_Task_
Word for word, restate every line from the one with "by (rule qz_closed_qp_V)" through the end of the records below, both included, and add nothing.

=== Records to use ===

(* Let $M$ be a graded $R$-module. Then for every graded quasi-primary submodule $Q$ of $M$ satisfying the graded primeful property, $qp\text{-}V_M^g(Q)$ is an irreducible closed subset of $qp.Spec_g(M)$ with the quasi-Zariski topology.
   Context: $R=\bigoplus_{g\in G}R_g$ is a graded commutative ring with identity graded by a group $G$, $h(R)=\bigcup_g R_g$; $M$ is a graded $R$-module, $h(M)$ its homogeneous elements. $Gr(I)$ is the graded radical of a graded ideal $I$. $(K:_RM)=\{r: rM\subseteq K\}$. Graded prime submodule: proper graded $P$ with $rm\in P$ ($r\in h(R), m\in h(M)$) implying $m\in P$ or $r\in(P:_RM)$. $Gr_M(K)$: intersection of graded prime submodules containing $K$ ($M$ if none). Graded primeful property of $K$: for each graded prime $p\supseteq(K:_RM)$ there is a graded prime submodule $P\supseteq K$ with $(P:_RM)=p$. Graded quasi-primary submodule: proper graded $Q$ with $rm\in Q$ ($r\in h(R),m\in h(M)$) implying $r\in Gr((Q:_RM))$ or $m\in Gr_M(Q)$. $qp.Spec_g(M)$: graded quasi-primary submodules with the graded primeful property. $qp\text{-}V_M^g(K)=\{Q\in qp.Spec_g(M): Gr((Q:_RM))\supseteq Gr((K:_RM))\}$; the quasi-Zariski topology has closed sets exactly these. A subset $A$ of a topological space is irreducible if whenever $A\subseteq A_1\cup A_2$ with $A_1,A_2$ closed, then $A\subseteq A_1$ or $A\subseteq A_2$. *)

theory Defs
  imports Main
begin

definition is_decomp :: "('g \<Rightarrow> 'a::comm_monoid_add set) \<Rightarrow> 'a \<Rightarrow> ('g \<Rightarrow> 'a) \<Rightarrow> bool" where
  "is_decomp A x c \<longleftrightarrow> finite {g. c g \<noteq> 0} \<and> (\<forall>g. c g \<in> A g) \<and> x = sum c {g. c g \<noteq> 0}"

definition direct_sum_decomp :: "('g \<Rightarrow> 'a::comm_monoid_add set) \<Rightarrow> bool" where
  "direct_sum_decomp A \<longleftrightarrow> (\<forall>x. \<exists>!c. is_decomp A x c)"

definition comp :: "('g \<Rightarrow> 'a::comm_monoid_add set) \<Rightarrow> 'a \<Rightarrow> 'g \<Rightarrow> 'a" where
  "comp A x = (THE c. is_decomp A x c)"

definition homog :: "('g \<Rightarrow> 'a set) \<Rightarrow> 'a set" where
  "homog A = \<Union> (range A)"

definition add_subgroups :: "('g \<Rightarrow> 'a::ab_group_add set) \<Rightarrow> bool" where
  "add_subgroups A \<longleftrightarrow> (\<forall>g. 0 \<in> A g \<and> (\<forall>a\<in>A g. \<forall>b\<in>A g. a + b \<in> A g \<and> - a \<in> A g))"

definition graded_ring :: "('g::group_add \<Rightarrow> 'r::comm_ring_1 set) \<Rightarrow> bool" where
  "graded_ring Rg \<longleftrightarrow> add_subgroups Rg
     \<and> (\<forall>g h. \<forall>a\<in>Rg g. \<forall>b\<in>Rg h. a * b \<in> Rg (g + h))
     \<and> direct_sum_decomp Rg"

definition module_ax :: "('r::comm_ring_1 \<Rightarrow> 'm::ab_group_add \<Rightarrow> 'm) \<Rightarrow> bool" where
  "module_ax sm \<longleftrightarrow> (\<forall>a x y. sm a (x + y) = sm a x + sm a y)
     \<and> (\<forall>a b x. sm (a + b) x = sm a x + sm b x)
     \<and> (\<forall>a b x. sm (a * b) x = sm a (sm b x))
     \<and> (\<forall>x. sm 1 x = x)"

text \<open>M (the whole type 'm) is a graded R-module, with scalar multiplication sm.\<close>
definition graded_module :: "('g::group_add \<Rightarrow> 'r::comm_ring_1 set) \<Rightarrow> ('r \<Rightarrow> 'm::ab_group_add \<Rightarrow> 'm)
    \<Rightarrow> ('g \<Rightarrow> 'm set) \<Rightarrow> bool" where
  "graded_module Rg sm Mg \<longleftrightarrow> graded_ring Rg \<and> module_ax sm \<and> add_subgroups Mg
     \<and> (\<forall>g h. \<forall>a\<in>Rg g. \<forall>m\<in>Mg h. sm a m \<in> Mg (g + h))
     \<and> direct_sum_decomp Mg"

definition submodule :: "('r::comm_ring_1 \<Rightarrow> 'm::ab_group_add \<Rightarrow> 'm) \<Rightarrow> 'm set \<Rightarrow> bool" where
  "submodule sm N \<longleftrightarrow> 0 \<in> N \<and> (\<forall>x\<in>N. \<forall>y\<in>N. x + y \<in> N) \<and> (\<forall>r. \<forall>x\<in>N. sm r x \<in> N)"

definition graded_submodule :: "('g \<Rightarrow> 'm::ab_group_add set) \<Rightarrow> ('r::comm_ring_1 \<Rightarrow> 'm \<Rightarrow> 'm)
    \<Rightarrow> 'm set \<Rightarrow> bool" where
  "graded_submodule Mg sm N \<longleftrightarrow> submodule sm N \<and> (\<forall>x\<in>N. \<forall>g. comp Mg x g \<in> N)"

definition ideal_of :: "'r::comm_ring_1 set \<Rightarrow> bool" where
  "ideal_of I \<longleftrightarrow> 0 \<in> I \<and> (\<forall>x\<in>I. \<forall>y\<in>I. x + y \<in> I) \<and> (\<forall>r. \<forall>x\<in>I. r * x \<in> I)"

definition graded_ideal :: "('g \<Rightarrow> 'r::comm_ring_1 set) \<Rightarrow> 'r set \<Rightarrow> bool" where
  "graded_ideal Rg I \<longleftrightarrow> ideal_of I \<and> (\<forall>x\<in>I. \<forall>g. comp Rg x g \<in> I)"

definition graded_prime_ideal :: "('g \<Rightarrow> 'r::comm_ring_1 set) \<Rightarrow> 'r set \<Rightarrow> bool" where
  "graded_prime_ideal Rg p \<longleftrightarrow> graded_ideal Rg p \<and> p \<noteq> UNIV
     \<and> (\<forall>a\<in>homog Rg. \<forall>b\<in>homog Rg. a * b \<in> p \<longrightarrow> a \<in> p \<or> b \<in> p)"

definition graded_radical :: "('g \<Rightarrow> 'r::comm_ring_1 set) \<Rightarrow> 'r set \<Rightarrow> 'r set" where
  "graded_radical Rg I = {x. \<forall>g. \<exists>n>0. (comp Rg x g) ^ n \<in> I}"

definition colon :: "('r \<Rightarrow> 'm \<Rightarrow> 'm) \<Rightarrow> 'm set \<Rightarrow> 'r set" where
  "colon sm K = {r. \<forall>m. sm r m \<in> K}"

definition graded_prime_submodule :: "('g \<Rightarrow> 'r::comm_ring_1 set) \<Rightarrow> ('r \<Rightarrow> 'm::ab_group_add \<Rightarrow> 'm)
    \<Rightarrow> ('g \<Rightarrow> 'm set) \<Rightarrow> 'm set \<Rightarrow> bool" where
  "graded_prime_submodule Rg sm Mg P \<longleftrightarrow> graded_submodule Mg sm P \<and> P \<noteq> UNIV
     \<and> (\<forall>r\<in>homog Rg. \<forall>m\<in>homog Mg. sm r m \<in> P \<longrightarrow> m \<in> P \<or> r \<in> colon sm P)"

text \<open>Gr_M(K): intersection of graded prime submodules containing K (UNIV if there are none).\<close>
definition gr_M :: "('g \<Rightarrow> 'r::comm_ring_1 set) \<Rightarrow> ('r \<Rightarrow> 'm::ab_group_add \<Rightarrow> 'm)
    \<Rightarrow> ('g \<Rightarrow> 'm set) \<Rightarrow> 'm set \<Rightarrow> 'm set" where
  "gr_M Rg sm Mg K = \<Inter> {P. graded_prime_submodule Rg sm Mg P \<and> K \<subseteq> P}"

definition graded_primeful :: "('g \<Rightarrow> 'r::comm_ring_1 set) \<Rightarrow> ('r \<Rightarrow> 'm::ab_group_add \<Rightarrow> 'm)
    \<Rightarrow> ('g \<Rightarrow> 'm set) \<Rightarrow> 'm set \<Rightarrow> bool" where
  "graded_primeful Rg sm Mg K \<longleftrightarrow> (\<forall>p. graded_prime_ideal Rg p \<and> colon sm K \<subseteq> p \<longrightarrow>
      (\<exists>P. graded_prime_submodule Rg sm Mg P \<and> K \<subseteq> P \<and> colon sm P = p))"

definition graded_quasi_primary :: "('g \<Rightarrow> 'r::comm_ring_1 set) \<Rightarrow> ('r \<Rightarrow> 'm::ab_group_add \<Rightarrow> 'm)
    \<Rightarrow> ('g \<Rightarrow> 'm set) \<Rightarrow> 'm set \<Rightarrow> bool" where
  "graded_quasi_primary Rg sm Mg Q \<longleftrightarrow> graded_submodule Mg sm Q \<and> Q \<noteq> UNIV
     \<and> (\<forall>r\<in>homog Rg. \<forall>m\<in>homog Mg. sm r m \<in> Q \<longrightarrow>
          r \<in> graded_radical Rg (colon sm Q) \<or> m \<in> gr_M Rg sm Mg Q)"

definition qp_spec :: "('g \<Rightarrow> 'r::comm_ring_1 set) \<Rightarrow> ('r \<Rightarrow> 'm::ab_group_add \<Rightarrow> 'm)
    \<Rightarrow> ('g \<Rightarrow> 'm set) \<Rightarrow> 'm set set" where
  "qp_spec Rg sm Mg = {Q. graded_quasi_primary Rg sm Mg Q \<and> graded_primeful Rg sm Mg Q}"

definition qp_V :: "('g \<Rightarrow> 'r::comm_ring_1 set) \<Rightarrow> ('r \<Rightarrow> 'm::ab_group_add \<Rightarrow> 'm)
    \<Rightarrow> ('g \<Rightarrow> 'm set) \<Rightarrow> 'm set \<Rightarrow> 'm set set" where
  "qp_V Rg sm Mg K = {Q \<in> qp_spec Rg sm Mg.
      graded_radical Rg (colon sm K) \<subseteq> graded_radical Rg (colon sm Q)}"

definition qz_closed :: "('g \<Rightarrow> 'r::comm_ring_1 set) \<Rightarrow> ('r \<Rightarrow> 'm::ab_group_add \<Rightarrow> 'm)
    \<Rightarrow> ('g \<Rightarrow> 'm set) \<Rightarrow> 'm set set \<Rightarrow> bool" where
  "qz_closed Rg sm Mg A \<longleftrightarrow> (\<exists>K. graded_submodule Mg sm K \<and> A = qp_V Rg sm Mg K)"

definition irreducible_wrt :: "('a set \<Rightarrow> bool) \<Rightarrow> 'a set \<Rightarrow> bool" where
  "irreducible_wrt closedP A \<longleftrightarrow> (\<forall>A1 A2. closedP A1 \<and> closedP A2 \<and> A \<subseteq> A1 \<union> A2 \<longrightarrow> A \<subseteq> A1 \<or> A \<subseteq> A2)"

end

theory Submission
  imports Defs
begin

text \<open>\<open>Q\<close> is a generic point of \<open>qp-V(Q)\<close>: it lies in \<open>qp-V(Q)\<close>, and any closed set
  \<open>qp-V(K)\<close> containing \<open>Q\<close> contains all of \<open>qp-V(Q)\<close>, because membership only compares
  graded radicals of colon ideals and that comparison is transitive. A set with a
  generic point is irreducible.\<close>

lemma irreducible_wrt_if_generic_point:
  assumes "x \<in> A"
    and "\<And>C. closedP C \<Longrightarrow> x \<in> C \<Longrightarrow> A \<subseteq> C"
  shows "irreducible_wrt closedP A"
  using assms unfolding irreducible_wrt_def by blast

lemma qz_closed_qp_V:
  assumes "graded_submodule Mg sm K"
  shows "qz_closed Rg sm Mg (qp_V Rg sm Mg K)"
  using assms unfolding qz_closed_def by blast

lemma qp_V_self:
  assumes "Q \<in> qp_spec Rg sm Mg"
  shows "Q \<in> qp_V Rg sm Mg Q"
  using assms unfolding qp_V_def by blast

lemma qp_V_subset_if_mem:
  assumes "Q \<in> qp_V Rg sm Mg K"
  shows "qp_V Rg sm Mg Q \<subseteq> qp_V Rg sm Mg K"
  using assms unfolding qp_V_def by blast

lemma qz_closed_subset_if_mem:
  assumes "qz_closed Rg sm Mg C" and "Q \<in> C"
  shows "qp_V Rg sm Mg Q \<subseteq> C"
  using assms qp_V_subset_if_mem unfolding qz_closed_def by blast

theorem theorem4p6:
  fixes Rg :: "'g::group_add \<Rightarrow> 'r::comm_ring_1 set"
    and sm :: "'r \<Rightarrow> 'm::ab_group_add \<Rightarrow> 'm"
    and Mg :: "'g \<Rightarrow> 'm set"
    and Q :: "'m set"
  assumes "graded_module Rg sm Mg"
    and "graded_quasi_primary Rg sm Mg Q"
    and "graded_primeful Rg sm Mg Q"
  shows "qz_closed Rg sm Mg (qp_V Rg sm Mg Q)
    \<and> irreducible_wrt (qz_closed Rg sm Mg) (qp_V Rg sm Mg Q)"
proof
  have "graded_submodule Mg sm Q"
    using assms(2) unfolding graded_quasi_primary_def by blast
  then show "qz_closed Rg sm Mg (qp_V Rg sm Mg Q)"
    by (rule qz_closed_qp_V)
  have "Q \<in> qp_spec Rg sm Mg"
    using assms(2,3) unfolding qp_spec_def by blast
  then show "irreducible_wrt (qz_closed Rg sm Mg) (qp_V Rg sm Mg Q)"
    by (rule irreducible_wrt_if_generic_point[OF qp_V_self qz_closed_subset_if_mem])
qed

end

===

_Answer section_
    by (rule qz_closed_qp_V)
  have "Q \<in> qp_spec Rg sm Mg"
    using assms(2,3) unfolding qp_spec_def by blast
  then show "irreducible_wrt (qz_closed Rg sm Mg) (qp_V Rg sm Mg Q)"
    by (rule irreducible_wrt_if_generic_point[OF qp_V_self qz_closed_subset_if_mem])
qed

end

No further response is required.